### Task brief
Please write out exactly the lines that begin at the line containing "using M_max wJ(1) by blast" and run to the end of the records.

### Extracted material
(* Let $f(z)=\sum_{k=0}^d\alpha_kz^k$ be a complex polynomial of degree $d\ge 2$, and consider $z'=f(z)$ as the real planar system $x'=P(x,y)$, $y'=Q(x,y)$ with $P=\operatorname{Re} f(x+iy)$, $Q=\operatorname{Im} f(x+iy)$. Let $p=(p_1,p_2)\in\mathbb{R}^2$, $\|p\|=1$, be a critical point at infinity, and let $\alpha\in\mathbb{R}$ be such that $(P_d(p_1,p_2),Q_d(p_1,p_2))^{\top}=\alpha\,(p_1,p_2)^{\top}$. Then $\alpha\neq 0$. Moreover, if $\alpha>0$ there is a solution $z^*$ of $z'=f(z)$ defined on a maximal interval $(t_{\min},t_{\max})$ with $t_{\max}<\infty$ that diverges to $p_\infty$ as $t\to t_{\max}^-$ (a positive separatrix ending at $p$); if $\alpha<0$ there is a solution with $t_{\min}>-\infty$ that diverges to $p_\infty$ as $t\to t_{\min}^+$ (a negative separatrix starting at $p$).
   Context: $P_d,Q_d$ denote the homogeneous parts of degree $d$ of $P,Q$. A critical point at infinity is $p$ with $\|p\|=1$ and $p_1Q_d(p_1,p_2)-p_2P_d(p_1,p_2)=0$ (equivalently, $(P_d(p),Q_d(p))$ is a real multiple of $p$). A continuous curve $y(t)$ diverges to $p_\infty$ as $t\to t_{\max}^-$ if $\|y(t)\|\to\infty$ and $y(t)/\|y(t)\|\to p$. A trajectory $\gamma$ of $z'=f(z)$ is a positive (negative) separatrix if there is a point $z\in\gamma$ such that the maximal interval of existence of the solution starting at $z$ in positive (negative) time is finite. *)

theory Defs
  imports "HOL-Analysis.Analysis" "HOL-Computational_Algebra.Polynomial"
begin

text \<open>Homogeneous part of degree k of P(x,y) = Re f(x+iy) and Q(x,y) = Im f(x+iy).
  Since (x+iy)^j is a homogeneous polynomial of degree j in (x,y), the
  degree-k homogeneous part of f(x+iy) is exactly coeff f k * (x+iy)^k.\<close>
definition hom_P :: "complex poly \<Rightarrow> nat \<Rightarrow> real \<Rightarrow> real \<Rightarrow> real" where
  "hom_P f k x y = Re (coeff f k * Complex x y ^ k)"

definition hom_Q :: "complex poly \<Rightarrow> nat \<Rightarrow> real \<Rightarrow> real \<Rightarrow> real" where
  "hom_Q f k x y = Im (coeff f k * Complex x y ^ k)"

definition ode_solution_on :: "complex poly \<Rightarrow> (real \<Rightarrow> complex) \<Rightarrow> real set \<Rightarrow> bool" where
  "ode_solution_on f z I \<longleftrightarrow> (\<forall>t\<in>I. (z has_vector_derivative poly f (z t)) (at t))"

definition maximal_solution :: "complex poly \<Rightarrow> (real \<Rightarrow> complex) \<Rightarrow> real set \<Rightarrow> bool" where
  "maximal_solution f z I \<longleftrightarrow> I \<noteq> {} \<and> open I \<and> is_interval I \<and> ode_solution_on f z I \<and>
     (\<forall>J w. open J \<and> is_interval J \<and> I \<subseteq> J \<and> ode_solution_on f w J \<and> (\<forall>t\<in>I. w t = z t)
        \<longrightarrow> J = I)"

end

theory Submission
  imports Defs "HOL-Complex_Analysis.Complex_Analysis"
begin

text \<open>Put w = 1/z and let q be the reflected polynomial of f, so that q(0) = a is the leading
  coefficient. Near w = 0 the equation reads w' = - q(w) / w^(d-2), so time along a solution is
  a primitive H of - w^(d-2) / q(w). This primitive factors as H(w) = w^(d-1) G(w) with
  G(0) = -1 / ((d-1) a); a holomorphic (d-1)-th root of G makes H the (d-1)-th power of a local
  coordinate, so the level curves H(w) = -\<tau> leave w = 0 in the directions \<beta> with
  \<beta>^(d-1) G(0) = -1. As a p^d = \<alpha> p and |p| = 1, we have a = \<alpha> conj(p)^(d-1); hence for
  \<alpha> > 0 one of these directions is conj(p), and z = 1/w solves the reversed flow z' = -f(z),
  coming from the point p at infinity at \<tau> = 0. Reversing time (for \<alpha> < 0: applying this to -f)
  and extending to a maximal solution by Zorn's lemma gives the separatrix; its interval ends
  exactly at the blow-up time, since a solution is continuous at every interior point.\<close>

section \<open>Maximal solutions\<close>

text \<open>Extensions of a solution are ordered by inclusion of their graphs; this is the partial
  order to which Zorn's lemma is applied.\<close>

definition graph :: "('a \<Rightarrow> 'b) \<Rightarrow> 'a set \<Rightarrow> ('a \<times> 'b) set" where
  "graph w J = (\<lambda>t. (t, w t)) ` J"

lemma mem_graph_iff: "(t, y) \<in> graph w J \<longleftrightarrow> t \<in> J \<and> y = w t"
  by (auto simp: graph_def)

lemma fst_graph [simp]: "fst ` graph w J = J"
  by (force simp: graph_def)

lemma Union_chain_graphs:
  assumes chain: "chain\<^sub>\<subseteq> C" and graphs: "\<And>G. G \<in> C \<Longrightarrow> \<exists>w J. G = graph w J"
  obtains w where "\<Union>C = graph w (fst ` \<Union>C)"
proof -
  have single_valued: "y1 = y2" if mem: "(t, y1) \<in> \<Union>C" "(t, y2) \<in> \<Union>C" for t y1 y2
  proof -
    obtain G1 G2 where G: "G1 \<in> C" "G2 \<in> C" "(t, y1) \<in> G1" "(t, y2) \<in> G2"
      using mem by blast
    then obtain G where "G \<in> C" "(t, y1) \<in> G" "(t, y2) \<in> G"
      using chain unfolding chain_subset_def by blast
    moreover obtain w J where "G = graph w J"
      using graphs[OF \<open>G \<in> C\<close>] by blast
    ultimately show ?thesis
      by (simp add: mem_graph_iff)
  qed
  define w where "w t = (SOME y. (t, y) \<in> \<Union>C)" for t
  have w: "(t, w t) \<in> \<Union>C" if mem: "(t, y) \<in> \<Union>C" for t y
    unfolding w_def using mem by (rule someI)
  have "\<Union>C = graph w (fst ` \<Union>C)"
  proof (intro set_eqI iffI)
    fix x assume "x \<in> \<Union>C"
    then show "x \<in> graph w (fst ` \<Union>C)"
      using single_valued w by (cases x) (force simp: mem_graph_iff)
  next
    fix x assume "x \<in> graph w (fst ` \<Union>C)"
    then show "x \<in> \<Union>C"
      using w by (force simp: graph_def)
  qed
  then show ?thesis
    by (rule that)
qed

definition solution_extensions ::
    "complex poly \<Rightarrow> (real \<Rightarrow> complex) \<Rightarrow> real set \<Rightarrow> (real \<times> complex) set set" where
  "solution_extensions f z I =
     {graph w J | w J. open J \<and> is_interval J \<and> I \<subseteq> J \<and> ode_solution_on f w J \<and> (\<forall>t\<in>I. w t = z t)}"

lemma chain_subset_image:
  assumes "chain\<^sub>\<subseteq> C"
  shows "chain\<^sub>\<subseteq> ((`) g ` C)"
  unfolding chain_subset_def
proof (intro ballI)
  fix X Y assume "X \<in> (`) g ` C" "Y \<in> (`) g ` C"
  then obtain A B where "A \<in> C" "B \<in> C" "X = g ` A" "Y = g ` B"
    by blast
  with assms show "X \<subseteq> Y \<or> Y \<subseteq> X"
    unfolding chain_subset_def by (metis image_mono)
qed

lemma is_interval_Union_chain:
  fixes \<J> :: "real set set"
  assumes "chain\<^sub>\<subseteq> \<J>" "\<And>X. X \<in> \<J> \<Longrightarrow> is_interval X"
  shows "is_interval (\<Union>\<J>)"
  unfolding is_interval_1
proof (intro ballI allI impI)
  fix a b x assume "a \<in> \<Union>\<J>" "b \<in> \<Union>\<J>" "a \<le> x \<and> x \<le> b"
  then obtain Xa Xb where X: "Xa \<in> \<J>" "Xb \<in> \<J>" "a \<in> Xa" "b \<in> Xb"
    by blast
  with assms(1) obtain X where "X \<in> \<J>" "a \<in> X" "b \<in> X"
    unfolding chain_subset_def by blast
  with assms(2) \<open>a \<le> x \<and> x \<le> b\<close> show "x \<in> \<Union>\<J>"
    unfolding is_interval_1 by blast
qed

lemma ode_solution_on_local:
  assumes "\<And>t. t \<in> J \<Longrightarrow>
    \<exists>T v. t \<in> T \<and> open T \<and> ode_solution_on f v T \<and> (\<forall>s\<in>T. w s = v s)"
  shows "ode_solution_on f w J"
  unfolding ode_solution_on_def
proof
  fix t assume "t \<in> J"
  then obtain T v where T: "t \<in> T" "open T" "ode_solution_on f v T" "\<forall>s\<in>T. w s = v s"
    using assms by blast
  then have "(v has_vector_derivative poly f (v t)) (at t)"
    unfolding ode_solution_on_def by blast
  then have "(w has_vector_derivative poly f (v t)) (at t)"
    by (rule has_vector_derivative_transform_within_open[OF _ T(2,1)]) (simp add: T(4))
  with T(1,4) show "(w has_vector_derivative poly f (w t)) (at t)"
    by simp
qed

lemma Union_chain_solution_extensions:
  assumes C: "C \<subseteq> solution_extensions f z I" "chain\<^sub>\<subseteq> C" "C \<noteq> {}"
  shows "\<Union>C \<in> solution_extensions f z I"
proof -
  have graphs: "\<exists>w J. G = graph w J" if "G \<in> C" for G
    using subsetD[OF C(1) that] unfolding solution_extensions_def by blast
  define J where "J = fst ` \<Union>C"
  obtain w where U: "\<Union>C = graph w J"
    unfolding J_def by (rule Union_chain_graphs[OF C(2) graphs])
  have member: "\<exists>wG JG. G = graph wG JG \<and> open JG \<and> is_interval JG \<and> I \<subseteq> JG \<and>
      ode_solution_on f wG JG \<and> (\<forall>t\<in>I. wG t = z t) \<and> (\<forall>t\<in>JG. w t = wG t)"
    if G: "G \<in> C" for G
  proof -
    obtain wG JG where G_ext: "G = graph wG JG" "open JG" "is_interval JG" "I \<subseteq> JG"
        "ode_solution_on f wG JG" "\<forall>t\<in>I. wG t = z t"
      using C(1) G unfolding solution_extensions_def by blast
    have "(t, wG t) \<in> graph w J" if "t \<in> JG" for t
    proof -
      have "(t, wG t) \<in> G"
        using that G_ext(1) by (simp add: mem_graph_iff)
      with G show ?thesis
        unfolding U[symmetric] by blast
    qed
    then have "\<forall>t\<in>JG. w t = wG t"
      by (auto simp: mem_graph_iff)
    with G_ext show ?thesis
      by blast
  qed
  have J_Union: "J = \<Union>((`) fst ` C)"
    unfolding J_def by blast
  obtain G0 where "G0 \<in> C"
    using C(3) by blast
  then obtain w0 J0 where G0: "G0 = graph w0 J0" "I \<subseteq> J0" "\<forall>t\<in>I. w0 t = z t" "\<forall>t\<in>J0. w t = w0 t"
    using member by blast
  then have "J0 \<subseteq> J"
    unfolding J_def using \<open>G0 \<in> C\<close> by (metis Union_upper fst_graph image_mono)
  with G0 have I_J: "I \<subseteq> J" "\<forall>t\<in>I. w t = z t"
    by auto
  have "open J"
    unfolding J_Union
  proof (intro open_Union ballI)
    fix X assume "X \<in> (`) fst ` C"
    then obtain G where "G \<in> C" "X = fst ` G"
      by blast
    with member[OF \<open>G \<in> C\<close>] show "open X"
      by auto
  qed
  moreover have "is_interval J"
    unfolding J_Union
  proof (rule is_interval_Union_chain[OF chain_subset_image[OF C(2)]])
    fix X assume "X \<in> (`) fst ` C"
    then obtain G where "G \<in> C" "X = fst ` G"
      by blast
    with member[OF \<open>G \<in> C\<close>] show "is_interval X"
      by auto
  qed
  moreover have "ode_solution_on f w J"
  proof (rule ode_solution_on_local)
    fix t assume "t \<in> J"
    then obtain G where "G \<in> C" "t \<in> fst ` G"
      unfolding J_Union by blast
    moreover obtain wG JG where "G = graph wG JG" "open JG" "ode_solution_on f wG JG"
        "\<forall>s\<in>JG. w s = wG s"
      using member[OF \<open>G \<in> C\<close>] by blast
    ultimately have "t \<in> JG" "open JG" "ode_solution_on f wG JG" "\<forall>s\<in>JG. w s = wG s"
      by simp_all
    then show "\<exists>T v. t \<in> T \<and> open T \<and> ode_solution_on f v T \<and> (\<forall>s\<in>T. w s = v s)"
      by blast
  qed
  ultimately show ?thesis
    using I_J unfolding solution_extensions_def U by blast
qed

lemma maximal_solution_extension:
  assumes "ode_solution_on f z I" "open I" "is_interval I" "I \<noteq> {}"
  obtains w J where "maximal_solution f w J" "I \<subseteq> J" "\<forall>t\<in>I. w t = z t"
proof -
  have "\<exists>U\<in>solution_extensions f z I. \<forall>X\<in>C. X \<subseteq> U"
    if "C \<in> chains (solution_extensions f z I)" for C
  proof (cases "C = {}")
    case True
    with assms show ?thesis
      unfolding solution_extensions_def by blast
  next
    case False
    with that show ?thesis
      using Union_chain_solution_extensions[of C f z I]
      by (auto simp: chains_def)
  qed
  then have "\<exists>M\<in>solution_extensions f z I. \<forall>X\<in>solution_extensions f z I. M \<subseteq> X \<longrightarrow> X = M"
    by (intro Zorn_Lemma2) blast
  then obtain M where M: "M \<in> solution_extensions f z I"
      and M_max: "\<forall>X\<in>solution_extensions f z I. M \<subseteq> X \<longrightarrow> X = M"
    by blast
  obtain w J where wJ: "M = graph w J" "open J" "is_interval J" "I \<subseteq> J"
      "ode_solution_on f w J" "\<forall>t\<in>I. w t = z t"
    using M unfolding solution_extensions_def by blast
  have "J \<noteq> {}"
    using wJ(4) assms(4) by blast
  have "maximal_solution f w J"
    unfolding maximal_solution_def
  proof (intro conjI allI impI)
    fix J' w'
    assume "open J' \<and> is_interval J' \<and> J \<subseteq> J' \<and> ode_solution_on f w' J' \<and> (\<forall>t\<in>J. w' t = w t)"
    then have H: "open J'" "is_interval J'" "J \<subseteq> J'" "ode_solution_on f w' J'" "\<forall>t\<in>J. w' t = w t"
      by auto
    have "graph w' J' \<in> solution_extensions f z I"
      using H wJ unfolding solution_extensions_def by (intro CollectI exI[of _ w'] exI[of _ J']) auto
    moreover have "M \<subseteq> graph w' J'"
      using H wJ(1) by (auto simp: graph_def)
    ultimately have "graph w' J' = graph w J"
      using M_max wJ(1) by blast
    then show "J' = J"
      by (metis fst_graph)
  qed (fact wJ(2,3,5) \<open>J \<noteq> {}\<close>)+
  then show ?thesis
    by (rule that[OF _ wJ(4,6)])
qed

### Solution
      using M_max wJ(1) by blast
    then show "J' = J"
      by (metis fst_graph)
  qed (fact wJ(2,3,5) \<open>J \<noteq> {}\<close>)+
  then show ?thesis
    by (rule that[OF _ wJ(4,6)])
qed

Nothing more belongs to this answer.